▸ **What this task involves**:
Below are records; say how many of their lines include the word "definition", giving nothing but the number.

___ Data provided

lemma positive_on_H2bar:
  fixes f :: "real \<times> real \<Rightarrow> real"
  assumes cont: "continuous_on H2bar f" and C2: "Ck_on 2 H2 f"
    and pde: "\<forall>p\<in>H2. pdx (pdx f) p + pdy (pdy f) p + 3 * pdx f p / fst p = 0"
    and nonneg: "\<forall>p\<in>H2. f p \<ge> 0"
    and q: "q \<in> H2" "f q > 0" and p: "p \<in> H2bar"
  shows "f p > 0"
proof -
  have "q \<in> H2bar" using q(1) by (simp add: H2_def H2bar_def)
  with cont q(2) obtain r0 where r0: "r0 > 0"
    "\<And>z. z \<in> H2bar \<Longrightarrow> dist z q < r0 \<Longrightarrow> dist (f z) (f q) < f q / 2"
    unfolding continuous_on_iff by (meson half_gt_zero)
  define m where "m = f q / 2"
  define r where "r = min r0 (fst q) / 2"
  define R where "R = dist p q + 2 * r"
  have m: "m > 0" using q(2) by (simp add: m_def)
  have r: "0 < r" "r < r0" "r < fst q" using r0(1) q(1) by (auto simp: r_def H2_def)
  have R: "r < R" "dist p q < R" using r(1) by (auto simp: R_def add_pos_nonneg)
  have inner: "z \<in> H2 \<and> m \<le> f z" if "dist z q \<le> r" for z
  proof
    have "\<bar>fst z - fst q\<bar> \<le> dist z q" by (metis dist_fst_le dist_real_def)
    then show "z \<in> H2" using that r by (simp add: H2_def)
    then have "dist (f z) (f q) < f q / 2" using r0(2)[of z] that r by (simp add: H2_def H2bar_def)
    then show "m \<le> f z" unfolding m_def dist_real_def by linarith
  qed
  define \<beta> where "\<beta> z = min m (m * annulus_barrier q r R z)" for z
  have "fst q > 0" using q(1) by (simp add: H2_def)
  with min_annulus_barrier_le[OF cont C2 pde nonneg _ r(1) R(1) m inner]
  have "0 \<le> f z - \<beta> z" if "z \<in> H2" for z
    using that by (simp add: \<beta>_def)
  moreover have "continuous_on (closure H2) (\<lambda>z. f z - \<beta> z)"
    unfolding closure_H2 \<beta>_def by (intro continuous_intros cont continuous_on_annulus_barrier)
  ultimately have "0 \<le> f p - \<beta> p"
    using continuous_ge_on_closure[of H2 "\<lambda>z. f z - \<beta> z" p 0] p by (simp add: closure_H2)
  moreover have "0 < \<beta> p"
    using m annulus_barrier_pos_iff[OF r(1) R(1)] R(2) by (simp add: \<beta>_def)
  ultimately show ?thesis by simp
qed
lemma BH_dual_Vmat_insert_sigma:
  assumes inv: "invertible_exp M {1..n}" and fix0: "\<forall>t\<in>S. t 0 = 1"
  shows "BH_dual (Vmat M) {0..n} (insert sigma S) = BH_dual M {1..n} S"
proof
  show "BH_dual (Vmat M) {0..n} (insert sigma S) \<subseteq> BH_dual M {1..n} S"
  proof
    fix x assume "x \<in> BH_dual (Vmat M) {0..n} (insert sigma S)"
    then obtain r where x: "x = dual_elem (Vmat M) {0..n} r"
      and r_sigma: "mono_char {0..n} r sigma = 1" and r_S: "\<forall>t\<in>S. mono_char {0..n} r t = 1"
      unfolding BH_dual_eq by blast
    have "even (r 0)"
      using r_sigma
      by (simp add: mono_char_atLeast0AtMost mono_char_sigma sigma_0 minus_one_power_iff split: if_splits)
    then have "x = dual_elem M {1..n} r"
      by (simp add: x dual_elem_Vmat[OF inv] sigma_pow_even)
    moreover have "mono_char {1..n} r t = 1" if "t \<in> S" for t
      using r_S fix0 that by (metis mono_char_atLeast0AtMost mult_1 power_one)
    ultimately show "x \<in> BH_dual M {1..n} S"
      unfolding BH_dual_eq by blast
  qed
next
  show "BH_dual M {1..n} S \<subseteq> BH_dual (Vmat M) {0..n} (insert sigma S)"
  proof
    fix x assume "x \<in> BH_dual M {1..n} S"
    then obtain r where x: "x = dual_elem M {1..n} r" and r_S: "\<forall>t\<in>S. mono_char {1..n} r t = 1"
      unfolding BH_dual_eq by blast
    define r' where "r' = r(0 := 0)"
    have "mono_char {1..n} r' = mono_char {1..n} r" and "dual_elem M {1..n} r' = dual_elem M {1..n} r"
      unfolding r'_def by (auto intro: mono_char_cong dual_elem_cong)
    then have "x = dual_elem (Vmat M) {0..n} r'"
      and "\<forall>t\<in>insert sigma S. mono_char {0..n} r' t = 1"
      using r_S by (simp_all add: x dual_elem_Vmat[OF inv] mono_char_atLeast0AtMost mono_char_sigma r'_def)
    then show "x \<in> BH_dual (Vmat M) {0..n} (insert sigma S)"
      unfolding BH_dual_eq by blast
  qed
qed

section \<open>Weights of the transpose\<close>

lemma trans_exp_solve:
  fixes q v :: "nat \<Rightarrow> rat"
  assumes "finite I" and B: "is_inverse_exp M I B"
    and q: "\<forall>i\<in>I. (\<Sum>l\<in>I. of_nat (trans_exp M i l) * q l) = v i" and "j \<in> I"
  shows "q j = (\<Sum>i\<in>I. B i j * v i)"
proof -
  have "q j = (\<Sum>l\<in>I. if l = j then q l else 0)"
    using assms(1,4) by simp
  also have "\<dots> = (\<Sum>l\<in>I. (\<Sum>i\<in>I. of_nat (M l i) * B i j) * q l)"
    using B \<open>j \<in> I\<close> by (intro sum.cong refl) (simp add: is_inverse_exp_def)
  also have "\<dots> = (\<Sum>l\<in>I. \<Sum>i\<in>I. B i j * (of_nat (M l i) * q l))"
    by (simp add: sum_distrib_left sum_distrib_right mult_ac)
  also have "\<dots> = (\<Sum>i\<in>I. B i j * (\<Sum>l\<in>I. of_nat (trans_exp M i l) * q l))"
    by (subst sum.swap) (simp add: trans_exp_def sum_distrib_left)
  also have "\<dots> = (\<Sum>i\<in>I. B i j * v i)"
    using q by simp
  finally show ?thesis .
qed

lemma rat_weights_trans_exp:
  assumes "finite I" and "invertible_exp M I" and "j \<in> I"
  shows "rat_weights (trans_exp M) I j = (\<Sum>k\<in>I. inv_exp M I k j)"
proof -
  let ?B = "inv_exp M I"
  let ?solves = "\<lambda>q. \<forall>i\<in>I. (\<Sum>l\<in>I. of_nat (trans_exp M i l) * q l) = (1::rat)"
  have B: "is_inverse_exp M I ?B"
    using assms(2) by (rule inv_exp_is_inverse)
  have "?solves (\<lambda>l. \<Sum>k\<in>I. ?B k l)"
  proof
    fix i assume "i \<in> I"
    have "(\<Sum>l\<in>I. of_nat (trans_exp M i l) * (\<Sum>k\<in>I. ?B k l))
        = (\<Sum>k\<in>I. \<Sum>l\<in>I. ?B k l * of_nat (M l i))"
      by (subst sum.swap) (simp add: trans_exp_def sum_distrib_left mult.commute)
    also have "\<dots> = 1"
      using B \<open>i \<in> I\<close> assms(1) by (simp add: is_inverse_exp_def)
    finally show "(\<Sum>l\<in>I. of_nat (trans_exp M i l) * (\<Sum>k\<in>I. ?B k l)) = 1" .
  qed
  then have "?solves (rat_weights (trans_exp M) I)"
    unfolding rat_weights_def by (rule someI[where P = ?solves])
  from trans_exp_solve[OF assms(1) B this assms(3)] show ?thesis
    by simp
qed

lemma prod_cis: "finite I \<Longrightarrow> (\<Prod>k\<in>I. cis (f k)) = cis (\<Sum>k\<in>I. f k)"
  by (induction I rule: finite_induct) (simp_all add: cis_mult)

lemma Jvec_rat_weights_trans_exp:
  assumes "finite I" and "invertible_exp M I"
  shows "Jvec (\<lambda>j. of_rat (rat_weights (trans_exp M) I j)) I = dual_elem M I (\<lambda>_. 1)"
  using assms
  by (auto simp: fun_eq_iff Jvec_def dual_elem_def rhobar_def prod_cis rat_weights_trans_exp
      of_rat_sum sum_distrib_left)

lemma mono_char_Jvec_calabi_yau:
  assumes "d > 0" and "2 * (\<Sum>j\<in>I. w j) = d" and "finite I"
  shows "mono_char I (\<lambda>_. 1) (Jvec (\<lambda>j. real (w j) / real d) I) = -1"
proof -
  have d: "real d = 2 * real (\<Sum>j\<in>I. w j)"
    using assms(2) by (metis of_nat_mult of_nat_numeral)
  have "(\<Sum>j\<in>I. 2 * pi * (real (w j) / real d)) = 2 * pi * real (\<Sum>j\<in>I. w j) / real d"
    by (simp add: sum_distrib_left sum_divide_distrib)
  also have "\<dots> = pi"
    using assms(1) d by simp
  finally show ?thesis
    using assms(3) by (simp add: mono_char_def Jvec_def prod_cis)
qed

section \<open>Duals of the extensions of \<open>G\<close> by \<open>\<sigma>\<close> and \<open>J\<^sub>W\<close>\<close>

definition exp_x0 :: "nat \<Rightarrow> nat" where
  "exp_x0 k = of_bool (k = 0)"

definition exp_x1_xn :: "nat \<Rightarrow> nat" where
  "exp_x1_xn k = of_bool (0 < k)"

______

▸ **Solution to this task**:
2